Das Konsumklima bezieht explizit auf die gesamten privaten Konsumausgaben. Der Einzelhandel macht jedoch – je nach Abgrenzung – lediglich etwa 30 Prozent der privaten Konsumausgaben aus. Der Rest sind Dienstleistungen, Reisen, Miete, Gesundheitsdienstleistungen sowie der gesamte Wellness-Bereich. GfK prognostizierte für das Jahr 2016 einen Anstieg des privaten Konsums von 2,0 Prozent und traf damit auf den Punkt. Nach Angaben des Statistischen Bundesamtes stieg der private Konsum im Jahr 2016 real um 2,0 Prozent. Auch hierbei geht es nicht um die Einzelhandelsumsätze, sondern um die gesamten Konsumausgaben der Verbraucher.

Gutachter-Qualität

Die Anschaffungsneigung ist – wie alle anderen Indikatoren auch – ein Stimmungsindikator. Sie fragt, ob die Verbraucher es derzeit für ratsam halten, größere Anschaffungen zu tätigen. Selbst wenn sie dies mit „Ja“ beantworten, müssen noch zwei weitere Voraussetzungen für einen Kauf vorhanden sein: Der Verbraucher muss das nötige Geld für eine solche größere Anschaffung besitzen und auch eine Notwendigkeit für diese Anschaffung sehen. Zudem handelt es sich hier tatsächlich ausschließlich um langlebige Gebrauchsgüter, die auch ein größeres Budget erfordern.

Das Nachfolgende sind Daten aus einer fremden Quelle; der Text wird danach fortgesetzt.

(* For every formula $\phi$, $\mathbf{GLP}\vdash[1]\phi$ if and only if $\mathbf{GLP}\vdash\phi\leftrightarrow(Q_k(\phi)\to\phi)$ for some $k\geq 1$.
   Context: $\mathbf{GLP}$ is the propositional polymodal logic with modalities $[0],[1],\dots$ ($\langle k\rangle:=\neg[k]\neg$) axiomatized by classical tautologies; $[k](\phi\to\psi)\to([k]\phi\to[k]\psi)$; $[k]([k]\phi\to\phi)\to[k]\phi$; $\langle j\rangle\phi\to[k]\langle j\rangle\phi$ for $j<k$; $[j]\phi\to[k]\phi$ for $j\leq k$; rules modus ponens and necessitation. Define $Q_1(\phi):=\phi$ and $Q_{i+1}(\phi):=\phi\lor[0]Q_i(\phi)$. *)

theory Defs
  imports Main
begin

datatype fm =
    Var nat
  | Bot
  | Neg fm
  | Conj fm fm
  | Disj fm fm
  | Imp fm fm
  | Box nat fm

definition Iff :: "fm \<Rightarrow> fm \<Rightarrow> fm" where
  "Iff a b = Conj (Imp a b) (Imp b a)"

definition Dia :: "nat \<Rightarrow> fm \<Rightarrow> fm" where
  "Dia k a = Neg (Box k (Neg a))"

fun peval :: "(fm \<Rightarrow> bool) \<Rightarrow> fm \<Rightarrow> bool" where
  "peval v (Var p) = v (Var p)"
| "peval v Bot = False"
| "peval v (Neg a) = (\<not> peval v a)"
| "peval v (Conj a b) = (peval v a \<and> peval v b)"
| "peval v (Disj a b) = (peval v a \<or> peval v b)"
| "peval v (Imp a b) = (peval v a \<longrightarrow> peval v b)"
| "peval v (Box k a) = v (Box k a)"

definition taut :: "fm \<Rightarrow> bool" where
  "taut a = (\<forall>v. peval v a)"

inductive GLP :: "fm \<Rightarrow> bool" where
  ax_taut: "taut a \<Longrightarrow> GLP a"
| ax_K: "GLP (Imp (Box k (Imp a b)) (Imp (Box k a) (Box k b)))"
| ax_L: "GLP (Imp (Box k (Imp (Box k a) a)) (Box k a))"
| ax_neg: "j < k \<Longrightarrow> GLP (Imp (Dia j a) (Box k (Dia j a)))"
| ax_mono: "j \<le> k \<Longrightarrow> GLP (Imp (Box j a) (Box k a))"
| mp: "GLP (Imp a b) \<Longrightarrow> GLP a \<Longrightarrow> GLP b"
| nec: "GLP a \<Longrightarrow> GLP (Box k a)"

text \<open>Q_1(phi) = phi, Q_{i+1}(phi) = phi or [0] Q_i(phi). Q 0 is an irrelevant default.\<close>
fun Q :: "nat \<Rightarrow> fm \<Rightarrow> fm" where
  "Q 0 a = a"
| "Q (Suc 0) a = a"
| "Q (Suc (Suc i)) a = Disj a (Box 0 (Q (Suc i) a))"

end

theory Submission
  imports Defs
begin

(*
  If GLP proves [1]phi, then phi is provable in GLP extended by the reflection schema
  [0]c --> c.  Otherwise a maximal consistent set M of that extension containing ~phi yields
  a propositional valuation of the boxed formulas that validates GLP: [0]a holds iff [0]a is
  in M, [1]a holds iff a is GLP-derivable from the formulas [0]b & b and <0>b lying in M, and
  [k]a holds for k >= 2.  These formulas x satisfy GLP |- x --> [1]x, which is what makes
  the valuation validate Loeb's axiom for [1]; reflection puts them into M, so [1]phi would
  put phi into M as well.

  So phi follows in GLP from finitely many reflection instances, and these are eliminated
  one at a time: from Q_k([0]c | phi) and Q_l(H --> phi) with H = [0]c & c one gets
  Q_(k+l)(phi), because H is [0]-persistent and [0]c --> [0]H.  Finally
  phi <-> (Q_k(phi) --> phi) is propositionally equivalent to Q_k(phi).

  Conversely [1]Q_k(phi) --> [1]phi, since the disjunct [0]X of [1](phi | [0]X) is decided
  inside [1]: [0]X --> [1]X and ~[0]X --> [1]~[0]X.
*)

lemma GLP_tautI: "(\<And>v. peval v b) \<Longrightarrow> GLP b"
  by (auto intro!: ax_taut simp: taut_def)

lemma GLP_taut_mp: "GLP a \<Longrightarrow> (\<And>v. peval v a \<Longrightarrow> peval v b) \<Longrightarrow> GLP b"
  by (rule GLP.mp[of a b]) (auto intro!: GLP_tautI)

lemma GLP_taut_mp2:
  "GLP a \<Longrightarrow> GLP b \<Longrightarrow> (\<And>v. peval v a \<Longrightarrow> peval v b \<Longrightarrow> peval v c) \<Longrightarrow> GLP c"
  by (rule GLP.mp[of b c], rule GLP_taut_mp[of a]) auto

lemma GLP_taut_mp3:
  "GLP a \<Longrightarrow> GLP b \<Longrightarrow> GLP c \<Longrightarrow>
    (\<And>v. peval v a \<Longrightarrow> peval v b \<Longrightarrow> peval v c \<Longrightarrow> peval v d) \<Longrightarrow> GLP d"
  by (rule GLP.mp[of c d], rule GLP_taut_mp2[of a b]) auto

lemma GLP_box_mono: "GLP (Imp a b) \<Longrightarrow> GLP (Imp (Box k a) (Box k b))"
  by (rule GLP.mp[OF ax_K nec])

lemma GLP_box_Conj: "GLP (Imp (Conj (Box k a) (Box k b)) (Box k (Conj a b)))"
proof -
  have "GLP (Imp (Box k a) (Box k (Imp b (Conj a b))))"
    by (rule GLP_box_mono, rule GLP_tautI) auto
  then show ?thesis by (rule GLP_taut_mp2[OF _ ax_K[of k b "Conj a b"]]) auto
qed

lemma GLP_box_four: "GLP (Imp (Box k a) (Box k (Conj (Box k a) a)))"
proof -
  define c where "c = Conj (Box k a) a"
  have "GLP (Imp (Box k c) (Box k a))"
    by (rule GLP_box_mono, rule GLP_tautI) (auto simp: c_def)
  then have "GLP (Imp a (Imp (Box k c) c))"
    by (rule GLP_taut_mp) (auto simp: c_def)
  then have "GLP (Imp (Box k a) (Box k (Imp (Box k c) c)))"
    by (rule GLP_box_mono)
  from GLP_taut_mp2[OF this ax_L[of k c]] show ?thesis
    unfolding c_def by auto
qed

lemma GLP_not_box_box:
  assumes "j < k"
  shows "GLP (Imp (Neg (Box j a)) (Box k (Neg (Box j a))))"
proof -
  have "GLP (Imp (Box j a) (Box j (Neg (Neg a))))"
    by (rule GLP_box_mono, rule GLP_tautI) auto
  then have "GLP (Imp (Box k (Dia j (Neg a))) (Box k (Neg (Box j a))))"
    by (intro GLP_box_mono, rule GLP_taut_mp) (auto simp: Dia_def)
  moreover have "GLP (Imp (Box j (Neg (Neg a))) (Box j a))"
    by (rule GLP_box_mono, rule GLP_tautI) auto
  ultimately show ?thesis
    by (rule GLP_taut_mp3[OF _ ax_neg[OF assms, of "Neg a"]]) (auto simp: Dia_def)
qed

lemma peval_Q: "peval v a \<Longrightarrow> peval v (Q k a)"
  by (induction k a rule: Q.induct) auto

lemma GLP_Q_Suc: "GLP (Imp (Q k a) (Q (Suc k) a))"
proof (induction k a rule: Q.induct)
  case (3 i a)
  have "GLP (Imp (Box 0 (Q (Suc i) a)) (Box 0 (Q (Suc (Suc i)) a)))"
    by (rule GLP_box_mono[OF 3])
  then show ?case by (rule GLP_taut_mp) auto
qed (auto intro: GLP_tautI)

lemma GLP_Q_mono: "k \<le> l \<Longrightarrow> GLP (Imp (Q k a) (Q l a))"
proof (induction l rule: dec_induct)
  case base
  then show ?case by (auto intro: GLP_tautI)
next
  case (step l)
  from GLP_taut_mp2[OF step.IH GLP_Q_Suc[of l a]] show ?case by auto
qed

lemma GLP_Q_persistent:
  assumes "GLP (Imp H (Box 0 H))"
  shows "GLP (Imp (Conj H (Q k (Imp H a))) (Q k a))"
proof (induction k a rule: Q.induct)
  case (3 i a)
  have "GLP (Imp (Box 0 (Conj H (Q (Suc i) (Imp H a)))) (Box 0 (Q (Suc i) a)))"
    by (rule GLP_box_mono[OF 3])
  then show ?case
    by (rule GLP_taut_mp3[OF _ GLP_box_Conj[of 0 H "Q (Suc i) (Imp H a)"] assms]) auto
qed (auto intro: GLP_tautI)

lemma GLP_Q_Disj:
  assumes G: "GLP (Imp G (Box 0 (Q (Suc l) a)))"
  shows "GLP (Imp (Q (Suc k) (Disj G a)) (Q (Suc k + Suc l) a))"
proof (induction k)
  case 0
  show ?case by (simp, rule GLP_taut_mp[OF G]) auto
next
  case (Suc k)
  have "GLP (Imp (Box 0 (Q (Suc k) (Disj G a))) (Box 0 (Q (Suc k + Suc l) a)))"
    by (rule GLP_box_mono[OF Suc])
  moreover have "GLP (Imp (Box 0 (Q (Suc l) a)) (Box 0 (Q (Suc k + Suc l) a)))"
    by (rule GLP_box_mono, rule GLP_Q_mono) simp
  ultimately show ?case
    by (simp, rule GLP_taut_mp3[OF _ _ G]) auto
qed

lemma GLP_box1_Q: "GLP (Imp (Box 1 (Q k a)) (Box 1 a))"
proof (induction k a rule: Q.induct)
  case (3 i a)
  define X where "X = Q (Suc i) a"
  have "GLP (Imp (Box 1 (Disj a (Box 0 X))) (Box 1 (Imp (Neg (Box 0 X)) a)))"
    by (rule GLP_box_mono, rule GLP_tautI) auto
  then have "GLP (Imp (Box 1 (Disj a (Box 0 X))) (Imp (Box 1 (Neg (Box 0 X))) (Box 1 a)))"
    by (rule GLP_taut_mp2[OF _ ax_K]) auto
  moreover have "GLP (Imp (Box 0 X) (Box 1 a))"
    using GLP_taut_mp2[OF ax_mono[of 0 1 X] "3"[folded X_def]] by auto
  ultimately have "GLP (Imp (Box 1 (Disj a (Box 0 X))) (Box 1 a))"
    by (rule GLP_taut_mp3[OF _ GLP_not_box_box[OF zero_less_one, of X]]) auto
  then show ?case by (simp add: X_def)
qed (auto intro: GLP_tautI)

section \<open>Reflection for [0] and its elimination\<close>

fun Conjs :: "fm list \<Rightarrow> fm" where
  "Conjs [] = Neg Bot"
| "Conjs (a # as) = Conj a (Conjs as)"

lemma peval_Conjs [simp]: "peval v (Conjs as) = (\<forall>a\<in>set as. peval v a)"
  by (induction as) auto

definition rfn0_conj :: "fm list \<Rightarrow> fm" where
  "rfn0_conj cs = Conjs (map (\<lambda>c. Imp (Box 0 c) c) cs)"

lemma peval_rfn0_conj: "peval v (rfn0_conj cs) = (\<forall>c\<in>set cs. v (Box 0 c) \<longrightarrow> peval v c)"
  by (auto simp: rfn0_conj_def)

inductive GLP_rfn0 :: "fm \<Rightarrow> bool" where
  GLP_rfn0I: "GLP a \<Longrightarrow> GLP_rfn0 a"
| rfn0_ax: "GLP_rfn0 (Imp (Box 0 c) c)"
| rfn0_mp: "GLP_rfn0 (Imp a b) \<Longrightarrow> GLP_rfn0 a \<Longrightarrow> GLP_rfn0 b"

lemma GLP_rfn0_taut_mp: "GLP_rfn0 a \<Longrightarrow> (\<And>v. peval v a \<Longrightarrow> peval v b) \<Longrightarrow> GLP_rfn0 b"
  by (rule rfn0_mp[of a b], rule GLP_rfn0I, rule GLP_tautI) auto

lemma GLP_rfn0_taut_mp2:
  "GLP_rfn0 a \<Longrightarrow> GLP_rfn0 b \<Longrightarrow> (\<And>v. peval v a \<Longrightarrow> peval v b \<Longrightarrow> peval v c) \<Longrightarrow> GLP_rfn0 c"
  by (rule rfn0_mp[of b c], rule GLP_rfn0_taut_mp[of a]) auto

lemma GLP_rfn0_deduction: "GLP_rfn0 a \<Longrightarrow> \<exists>cs. GLP (Imp (rfn0_conj cs) a)"
proof (induction rule: GLP_rfn0.induct)
  case (GLP_rfn0I a)
  then have "GLP (Imp (rfn0_conj []) a)" by (rule GLP_taut_mp) auto
  then show ?case by blast
next
  case (rfn0_ax c)
  have "GLP (Imp (rfn0_conj [c]) (Imp (Box 0 c) c))"
    by (rule GLP_tautI) (auto simp: rfn0_conj_def)
  then show ?case by blast
next
  case (rfn0_mp a b)
  obtain cs where cs: "GLP (Imp (rfn0_conj cs) (Imp a b))" using rfn0_mp.IH(1) by blast
  obtain ds where ds: "GLP (Imp (rfn0_conj ds) a)" using rfn0_mp.IH(2) by blast
  have "GLP (Imp (rfn0_conj (cs @ ds)) b)"
    by (rule GLP_taut_mp2[OF cs ds]) (auto simp: peval_rfn0_conj)
  then show ?case by blast
qed

lemma GLP_Q_eliminate_rfn0:
  assumes "GLP (Q (Suc k) (Disj (Box 0 c) a))"
    and "GLP (Q (Suc l) (Imp (Conj (Box 0 c) c) a))"
  shows "GLP (Q (Suc k + Suc l) a)"
proof -
  define H where "H = Conj (Box 0 c) c"
  have box_H: "GLP (Imp (Box 0 c) (Box 0 H))"
    using GLP_box_four[of 0 c] by (simp add: H_def)
  then have "GLP (Imp H (Box 0 H))"
    by (rule GLP_taut_mp) (auto simp: H_def)
  then have "GLP (Imp H (Q (Suc l) a))"
    by (rule GLP_taut_mp2[OF GLP_Q_persistent assms(2)[folded H_def]]) auto
  then have "GLP (Imp (Box 0 c) (Box 0 (Q (Suc l) a)))"
    by (rule GLP_taut_mp2[OF box_H GLP_box_mono]) auto
  from GLP.mp[OF GLP_Q_Disj[OF this] assms(1)] show ?thesis .
qed

lemma GLP_rfn0_conj_imp_Q:
  assumes "GLP (Imp (rfn0_conj cs) a)"
  shows "\<exists>k. GLP (Q (Suc k) a)"
  using assms
proof (induction cs arbitrary: a)
  case Nil
  then have "GLP (Q (Suc 0) a)" by (simp, rule GLP_taut_mp) (auto simp: rfn0_conj_def)
  then show ?case ..
next
  case (Cons c cs)
  then have a: "GLP (Imp (Conj (Imp (Box 0 c) c) (rfn0_conj cs)) a)"
    by (simp add: rfn0_conj_def)
  have "GLP (Imp (rfn0_conj cs) (Disj (Box 0 c) a))"
    by (rule GLP_taut_mp[OF a]) auto
  then obtain k where k: "GLP (Q (Suc k) (Disj (Box 0 c) a))"
    using Cons.IH by blast
  have "GLP (Imp (rfn0_conj cs) (Imp (Conj (Box 0 c) c) a))"
    by (rule GLP_taut_mp[OF a]) auto
  then obtain l where l: "GLP (Q (Suc l) (Imp (Conj (Box 0 c) c) a))"
    using Cons.IH by blast
  from GLP_Q_eliminate_rfn0[OF k l] have "GLP (Q (Suc (k + Suc l)) a)"
    by simp
  then show ?case ..
qed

Die Ergebnisse der Stimmungsbefragung stammen aus monatlich durchgeführten persönlichen Interviews bei etwa 2.000 Personen, die repräsentativ für die Bevölkerung in Deutschland sind. Dieses Befragungsinstrument unterliegt ständigen Qualitätskontrollen, vor allem auch im Hinblick auf seine Repräsentativität. Die ausgesprochen hohe Qualität dieser Erhebung zeigt sich laut Index-Herausgeber auch daran, dass sie für Umfragen im Bereich der empirischen Rechtsforschung anerkannt ist. Das heißt, die Ergebnisse haben Gutachterqualität und müssen jeweils vor Gericht standhalten.